■ EXERCISE REQUIREMENTS ■
For the word "close", tally the lines of the data that contain it and give the tally alone.

■ RECORD SET ■
lemma avoids2413_append:
  assumes asym: "\<And>x y. R x y \<Longrightarrow> \<not> R y x"
    and "avoids2413 R xs" "avoids2413 R ys"
    and block: "(\<forall>x\<in>set xs. \<forall>y\<in>set ys. R x y) \<or> (\<forall>x\<in>set xs. \<forall>y\<in>set ys. R y x)"
  shows "avoids2413 R (xs @ ys)"
  unfolding avoids2413_def
proof clarify
  fix i j k l
  let ?zs = "xs @ ys" and ?m = "length xs"
  assume pos: "i < j" "j < k" "k < l" "l < length ?zs"
    and pat: "R (?zs ! k) (?zs ! i)" "R (?zs ! i) (?zs ! l)" "R (?zs ! l) (?zs ! j)"
  have cross: "?zs ! p \<in> set xs" "?zs ! q \<in> set ys" if "p < ?m" "?m \<le> q" "q < length ?zs" for p q
    using that by (auto simp: nth_append)
  consider "l < ?m" | "?m \<le> i" | "i < ?m" "?m \<le> l" by linarith
  then show False
  proof cases
    case 1
    with pos pat have "R (xs ! k) (xs ! i) \<and> R (xs ! i) (xs ! l) \<and> R (xs ! l) (xs ! j)"
      by (simp add: nth_append)
    with 1 pos have "\<not> avoids2413 R xs"
      unfolding avoids2413_def by blast
    with assms(2) show False by contradiction
  next
    case 2
    with pos pat have "R (ys ! (k - ?m)) (ys ! (i - ?m)) \<and> R (ys ! (i - ?m)) (ys ! (l - ?m)) \<and>
        R (ys ! (l - ?m)) (ys ! (j - ?m))"
      by (simp add: nth_append)
    moreover from 2 pos have "i - ?m < j - ?m" "j - ?m < k - ?m" "k - ?m < l - ?m" "l - ?m < length ys"
      by auto
    ultimately have "\<not> avoids2413 R ys"
      unfolding avoids2413_def by blast
    with assms(3) show False by contradiction
  next
    case 3
    \<comment> \<open>an occurrence straddling the two blocks compares one pair of its entries the wrong way\<close>
    from block show False
    proof
      assume below: "\<forall>x\<in>set xs. \<forall>y\<in>set ys. R x y"
      show False
      proof (cases "k < ?m")
        case True
        with below cross[of j l] pos 3 have "R (?zs ! j) (?zs ! l)" by simp
        with pat(3) asym show False by blast
      next
        case False
        with below cross[of i k] pos 3 have "R (?zs ! i) (?zs ! k)" by simp
        with pat(1) asym show False by blast
      qed
    next
      assume "\<forall>x\<in>set xs. \<forall>y\<in>set ys. R y x"
      with cross[of i l] pos 3 have "R (?zs ! l) (?zs ! i)" by simp
      with pat(2) asym show False by blast
    qed
  qed
qed

text \<open>For \<open>R = (<)\<close> (\<open>R = (>)\<close>), \<open>splits_at R xs k\<close> says that \<open>xs\<close> is a direct (skew) sum
  of its first \<open>k\<close> and its remaining entries.\<close>

definition splits_at :: "('a \<Rightarrow> 'a \<Rightarrow> bool) \<Rightarrow> 'a list \<Rightarrow> nat \<Rightarrow> bool" where
  "splits_at R xs k \<longleftrightarrow> 0 < k \<and> k < length xs \<and>
     (\<forall>x\<in>set (take k xs). \<forall>y\<in>set (drop k xs). R x y)"

lemma in_set_take_conv_nth: "x \<in> set (take k xs) \<longleftrightarrow> (\<exists>a<k. a < length xs \<and> x = xs ! a)"
  by (auto simp: in_set_conv_nth)

lemma in_set_drop_conv_nth: "y \<in> set (drop k xs) \<longleftrightarrow> (\<exists>b. k \<le> b \<and> b < length xs \<and> y = xs ! b)"
proof
  assume "y \<in> set (drop k xs)"
  then obtain i where "i < length xs - k" "y = xs ! (k + i)"
    by (auto simp: in_set_conv_nth)
  then show "\<exists>b. k \<le> b \<and> b < length xs \<and> y = xs ! b"
    by (intro exI[of _ "k + i"]) auto
next
  assume "\<exists>b. k \<le> b \<and> b < length xs \<and> y = xs ! b"
  then obtain b where "k \<le> b" "b < length xs" "y = xs ! b"
    by blast
  then show "y \<in> set (drop k xs)"
    unfolding in_set_conv_nth by (intro exI[of _ "b - k"]) auto
qed

lemma splits_at_nth_iff:
  "splits_at R xs k \<longleftrightarrow> 0 < k \<and> k < length xs \<and>
     (\<forall>a<k. \<forall>b. k \<le> b \<longrightarrow> b < length xs \<longrightarrow> R (xs ! a) (xs ! b))"
proof -
  have "(\<forall>x\<in>set (take k xs). \<forall>y\<in>set (drop k xs). R x y) \<longleftrightarrow>
        (\<forall>a<k. \<forall>b. k \<le> b \<longrightarrow> b < length xs \<longrightarrow> R (xs ! a) (xs ! b))" if "k < length xs"
  proof
    assume block: "\<forall>x\<in>set (take k xs). \<forall>y\<in>set (drop k xs). R x y"
    show "\<forall>a<k. \<forall>b. k \<le> b \<longrightarrow> b < length xs \<longrightarrow> R (xs ! a) (xs ! b)"
    proof (intro allI impI)
      fix a b assume "a < k" "k \<le> b" "b < length xs"
      with that have "xs ! a \<in> set (take k xs)" "xs ! b \<in> set (drop k xs)"
        by (auto simp: in_set_take_conv_nth in_set_drop_conv_nth)
      with block show "R (xs ! a) (xs ! b)" by blast
    qed
  qed (auto simp: in_set_take_conv_nth in_set_drop_conv_nth)
  then show ?thesis
    unfolding splits_at_def by blast
qed

lemma splits_at_hd_last:
  assumes "splits_at R xs k"
  shows "R (hd xs) (last xs)"
proof -
  have k: "0 < k" "k < length xs"
    using assms by (auto simp: splits_at_def)
  then have "hd xs = hd (take k xs)" "take k xs \<noteq> []" "last xs = last (drop k xs)" "drop k xs \<noteq> []"
    by auto
  then show ?thesis
    using assms unfolding splits_at_def by (metis hd_in_set last_in_set)
qed

lemma splits_at_drop:
  assumes "splits_at R xs k" "m < k"
  shows "splits_at R (drop m xs) (k - m)"
proof -
  have "take (k - m) (drop m xs) = drop m (take k xs)" "drop (k - m) (drop m xs) = drop k xs"
    using assms(2) by (simp_all add: take_drop)
  then show ?thesis
    using assms unfolding splits_at_def by (auto dest: in_set_dropD)
qed

lemma splits_at_add:
  assumes "splits_at R xs k" "splits_at R (drop k xs) j"
  shows "splits_at R xs (k + j)"
  unfolding splits_at_def
proof (intro conjI ballI)
  from assms show "0 < k + j" "k + j < length xs"
    by (auto simp: splits_at_def)
  fix x y
  assume x: "x \<in> set (take (k + j) xs)" and y: "y \<in> set (drop (k + j) xs)"
  from y have "y \<in> set (drop k xs)"
    using set_drop_subset_set_drop[of k "k + j" xs] by auto
  moreover from y have "y \<in> set (drop j (drop k xs))"
    by (simp add: add.commute)
  moreover from x have "x \<in> set (take k xs) \<or> x \<in> set (take j (drop k xs))"
    by (simp add: take_add)
  ultimately show "R x y"
    using assms by (auto simp: splits_at_def)
qed

lemma splits_at_map:
  "(\<And>x y. R (f x) (f y) \<longleftrightarrow> R x y) \<Longrightarrow> splits_at R (map f xs) k \<longleftrightarrow> splits_at R xs k"
  by (simp add: splits_at_def take_map drop_map)

text \<open>Stated for an arbitrary linear order, so that the dual order yields the skew case.\<close>

context linorder
begin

■ ANSWER FOR THE TASK ■
4